Scenerio 2: Speed and strenght equilization. The hedgehogs can use CC but it only last 3 seconds. No shield. Also CC can only stop time. If it's used to warp, the hedgehogs can only do it on themselves and they warp 10 yards away. Shadow can launch chaos spears as fast as vegeta can use ki blast.

Super Sonic vs SS2 Goku

Super Shadow vs SS2 Vegeta

Super Silver vs SS2 Gohan

Composite for hedgehogs so they have abilities from games, show, comic.
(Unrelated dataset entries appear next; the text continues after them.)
lemma has_bochner_integral_discount_until:
  fixes \<alpha> :: real and k :: ereal
  assumes "0 < \<alpha>" and "0 \<le> k"
  shows "has_bochner_integral lborel (\<lambda>t. indicator {t. 0 \<le> t \<and> ereal t < k} t * exp (- \<alpha> * t))
           ((1 - disc \<alpha> k) / \<alpha>)"
proof (cases k)
  case (real c)
  have "has_bochner_integral lborel
      (\<lambda>t. indicator {0..} t * exp (- \<alpha> * t) - indicator {c..} t * exp (- \<alpha> * t))
      (exp (- \<alpha> * 0) / \<alpha> - exp (- \<alpha> * c) / \<alpha>)"
    using assms by (intro has_bochner_integral_diff has_bochner_integral_exp_Ici)
  moreover have "(\<lambda>t. indicator {0..} t * exp (- \<alpha> * t) - indicator {c..} t * exp (- \<alpha> * t))
      = (\<lambda>t. indicator {t. 0 \<le> t \<and> ereal t < k} t * exp (- \<alpha> * t))"
    using \<open>0 \<le> k\<close> real by (auto simp: indicator_def fun_eq_iff)
  ultimately show ?thesis
    using real by (simp add: disc_def diff_divide_distrib)
next
  case PInf
  then have "(\<lambda>t. indicator {t. 0 \<le> t \<and> ereal t < k} t * exp (- \<alpha> * t))
      = (\<lambda>t. indicator {0..} t * exp (- \<alpha> * t))"
    by (auto simp: indicator_def fun_eq_iff)
  then show ?thesis
    using has_bochner_integral_exp_Ici[OF \<open>0 < \<alpha>\<close>, of 0] PInf by (simp add: disc_def)
qed (use assms in auto)

lemma abs_disc_le_1: "0 < \<alpha> \<Longrightarrow> 0 \<le> k \<Longrightarrow> \<bar>disc \<alpha> k\<bar> \<le> 1"
  by (cases k) (auto simp: disc_def)

lemma disc_add_discounted_integral:
  fixes \<alpha> \<beta> :: real and k :: ereal and f :: "real \<Rightarrow> real"
  assumes \<alpha>: "0 < \<alpha>" and k: "0 \<le> k"
    and f: "integrable lborel (\<lambda>t. indicator {t. 0 \<le> t \<and> ereal t < k} t * exp (- \<alpha> * t) * f t)"
  shows "\<beta> * disc \<alpha> k + (\<integral>t. indicator {t. 0 \<le> t \<and> ereal t < k} t * exp (- \<alpha> * t) * f t \<partial>lborel)
       = \<beta> + (\<integral>t. indicator {t. 0 \<le> t \<and> ereal t < k} t * exp (- \<alpha> * t) * (f t - \<alpha> * \<beta>) \<partial>lborel)"
proof -
  let ?e = "\<lambda>t. indicator {t. 0 \<le> t \<and> ereal t < k} t * exp (- \<alpha> * t)"
  have e: "has_bochner_integral lborel ?e ((1 - disc \<alpha> k) / \<alpha>)"
    by (rule has_bochner_integral_discount_until[OF \<alpha> k])
  have "(\<integral>t. ?e t * (f t - \<alpha> * \<beta>) \<partial>lborel) = (\<integral>t. ?e t * f t - \<alpha> * \<beta> * ?e t \<partial>lborel)"
    by (rule Bochner_Integration.integral_cong) (simp_all add: algebra_simps)
  also have "\<dots> = (\<integral>t. ?e t * f t \<partial>lborel) - \<alpha> * \<beta> * ((1 - disc \<alpha> k) / \<alpha>)"
    using f e by (simp add: integrable.intros has_bochner_integral_integral_eq)
  also have "\<alpha> * \<beta> * ((1 - disc \<alpha> k) / \<alpha>) = \<beta> - \<beta> * disc \<alpha> k"
    using \<alpha> by (simp add: field_simps)
  finally show ?thesis by linarith
qed
lemma closed_fort_leaf_AB:
  assumes "length p = D" "S \<inter> {K p KA, K p KB} = {}"
  shows "closed_fort p S {K p KA, K p KB}"
proof -
  have "\<not> unique_nbr_in E {K p KA, K p KB} v" if "v \<in> {T p, K p KC, K p KE}" for v
    by (rule not_unique_nbr_inI_two[of "K p KA" _ "K p KB"])
       (use that in \<open>auto simp: E_leaf_iff[OF assms(1)]\<close>)
  then show ?thesis using assms by (auto simp: closed_fort_def subtree_leaf)
qed

lemma closed_fort_leaf_CE:
  assumes "length p = D" "S \<inter> {K p KC, K p KE} = {}"
  shows "closed_fort p S {K p KC, K p KE}"
proof -
  have "\<not> unique_nbr_in E {K p KC, K p KE} (T p)"
    by (rule not_unique_nbr_inI_none) (auto simp: E_leaf_iff[OF assms(1)])
  moreover have "\<not> unique_nbr_in E {K p KC, K p KE} v" if "v \<in> {K p KA, K p KB}" for v
    by (rule not_unique_nbr_inI_two[of "K p KC" _ "K p KE"])
       (use that in \<open>auto simp: E_leaf_iff[OF assms(1)]\<close>)
  ultimately show ?thesis using assms by (auto simp: closed_fort_def subtree_leaf)
qed

lemma rooted_fort_leaf:
  assumes "length p = D" "x \<in> {KA, KB}" "z \<in> {KC, KE}" "S \<inter> subtree p \<subseteq> {K p x, K p z}"
  shows "rooted_fort p S (subtree p - {K p x, K p z})"
proof -
  obtain x' z' where x': "x' \<in> {KA, KB}" "x' \<noteq> x" and z': "z' \<in> {KC, KE}" "z' \<noteq> z"
    using assms(2,3) by (metis insertCI klab.distinct)
  have F: "subtree p - {K p x, K p z} = {T p, K p x', K p z'}"
    using assms(2,3) x' z' unfolding subtree_leaf[OF assms(1)] by (auto intro: klab.exhaust)
  have "\<not> unique_nbr_in E {T p, K p x', K p z'} (K p x)"
    by (rule not_unique_nbr_inI_two[of "T p" _ "K p z'"])
       (use assms(2) z' in \<open>auto simp: E_leaf_iff[OF assms(1)]\<close>)
  moreover have "\<not> unique_nbr_in E {T p, K p x', K p z'} (K p z)"
    by (rule not_unique_nbr_inI_two[of "K p x'" _ "K p z'"])
       (use assms(3) x' z' in \<open>auto simp: E_leaf_iff[OF assms(1)]\<close>)
  moreover have "T p \<in> subtree p - {K p x, K p z}"
    using F by blast
  ultimately show ?thesis
    using assms(4) unfolding rooted_fort_def F[symmetric] by blast
qed

abbreviation has_closed_fort :: "bool list \<Rightarrow> vtx set \<Rightarrow> bool" where
  "has_closed_fort p S \<equiv> \<exists>F. closed_fort p S F"

abbreviation has_fort :: "bool list \<Rightarrow> vtx set \<Rightarrow> bool" where
  "has_fort p S \<equiv> (\<exists>F. closed_fort p S F) \<or> (\<exists>F. rooted_fort p S F)"
lemma block_eq_if_two_common:
  assumes B1: "is_block V E B1" and B2: "is_block V E B2"
    and xy: "x \<in> B1 \<inter> B2" "y \<in> B1 \<inter> B2" "x \<noteq> y"
  shows "B1 = B2"
proof -
  have n1: "no_cut E B1" and n2: "no_cut E B2" using B1 B2 by (simp_all add: is_block_def)
  have "conn (B1 \<union> B2) (induced E (B1 \<union> B2))"
    using n1 n2 xy(1) by (intro conn_union) (auto simp: no_cut_def)
  moreover have "conn (B1 \<union> B2 - {v}) (induced E (B1 \<union> B2 - {v}))" for v
  proof -
    have "B1 \<union> B2 - {v} = (B1 - {v}) \<union> (B2 - {v})" by blast
    moreover have "(B1 - {v}) \<inter> (B2 - {v}) \<noteq> {}" using xy by blast
    ultimately show ?thesis using conn_union[OF no_cut_minus[OF n1] no_cut_minus[OF n2]] by simp
  qed
  ultimately have "no_cut E (B1 \<union> B2)" by (simp add: no_cut_def)
  moreover have "B1 \<union> B2 \<subseteq> V" using B1 B2 by (simp add: is_block_def)
  ultimately have "B1 \<union> B2 = B1" "B1 \<union> B2 = B2"
    using B1 B2 unfolding is_block_def by (meson sup_ge1, meson sup_ge2)
  then show ?thesis by simp
qed

lemma induced_blocks_disjoint:
  assumes sg: "simple_graph V E" and B1: "is_block V E B1" and B2: "is_block V E B2"
    and ne: "B1 \<noteq> B2"
  shows "induced E B1 \<inter> induced E B2 = {}"
proof (rule ccontr)
  assume "induced E B1 \<inter> induced E B2 \<noteq> {}"
  then obtain e where e: "e \<in> E" "e \<subseteq> B1" "e \<subseteq> B2" by (auto simp: induced_def)
  then have "card e = 2" using sg by (simp add: simple_graph_def)
  then obtain a b where "e = {a, b}" "a \<noteq> b" by (meson card_2_iff)
  then have "B1 = B2" using block_eq_if_two_common[OF B1 B2, of a b] e(2,3) by blast
  then show False using ne by contradiction
qed

lemma finite_blocks: "simple_graph V E \<Longrightarrow> finite (blocks V E)"
  unfolding blocks_def is_block_def simple_graph_def by (simp add: finite_subset)
(* Let $a,b,q$ be complex numbers with $q\ne 0$. Let $A=(A_{n,k})_{n,k\ge0}$ be the infinite lower-triangular matrix with entries $$A_{n,k}=[z^{n-k}]\Big\{\frac{(az;q)_k}{(bz;q)_k}\Big\}\quad(n\ge k),\qquad A_{n,k}=0\ (n<k),$$ and let $A^{-1}=(B_{n,k}(a,b))$ be its inverse. Then for all integers $n\ge k\ge0$, $$B_{n,k}(a,b)=[z^{n-k}]\Big\{\frac{(bz;q)_{n-1}}{(az;q)_n}\Big\}-a\sum_{i=k}^{n-1}B_{n-i,1}(a,b)\,q^{(n-i)i}\,[z^{i-k}]\Big\{\frac{(bz;q)_i}{(az;q)_{i+1}}\Big\}.$$
   Context: For any integer $n$, $(x;q)_n=\prod_{j\ge0}(1-xq^j)/\prod_{j\ge0}(1-xq^{n+j})$, so $(x;q)_0=1$, $(x;q)_n=\prod_{j=0}^{n-1}(1-xq^j)$ for $n\ge1$, $(x;q)_{-1}=1/(1-x/q)$; quotients of these are regarded as formal power series in $z$, and $[z^m]\{f\}$ is the coefficient of $z^m$ in $f$. Two lower-triangular matrices $A,B$ are inverse if $\sum_{i=k}^nA_{n,i}B_{i,k}=\sum_{i=k}^nB_{n,i}A_{i,k}=\delta_{n,k}$ for all $n,k\ge0$. Equivalently, $z^k=\sum_{n\ge k}B_{n,k}(a,b)z^n(az;q)_n/(bz;q)_n$ for all $k\ge0$. Empty sums are $0$. *)

theory Defs
  imports "HOL-Computational_Algebra.Formal_Power_Series"
begin

definition qpoch :: "complex \<Rightarrow> complex \<Rightarrow> int \<Rightarrow> complex fps" where
  "qpoch c q n =
     (if n \<ge> 0 then (\<Prod>j<nat n. 1 - fps_const (c * q ^ j) * fps_X)
      else inverse (\<Prod>j<nat (- n). 1 - fps_const (c / q ^ (j + 1)) * fps_X))"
I searched this on google but I only found a thread like it but not the same. Sorry if this was made before.


----------



## DestinyDestroyer (Jun 25, 2011)

This video will show you how the second duel ends

[YOUTUBE]http://www.youtube.com/watch?v=KV47Il1o-Yo[/YOUTUBE]


----------



## 8-Peacock-8 (Jun 25, 2011)

DestinyDestroyer said:


> This video will show you how the second duel ends
> 
> [YOUTUBE]http://www.youtube.com/watch?v=KV47Il1o-Yo[/YOUTUBE]



Shadow lost cause he is Shadow


----------



## hammer (Jun 25, 2011)

why are you green?


----------



## Toriko (Jun 25, 2011)




----------



## Plague (Jun 25, 2011)

I think the Hedgehogs stomp due to Time Stop and limited warping. I like DBZ, but realistically, you get Chaos Control witht the Super Forms.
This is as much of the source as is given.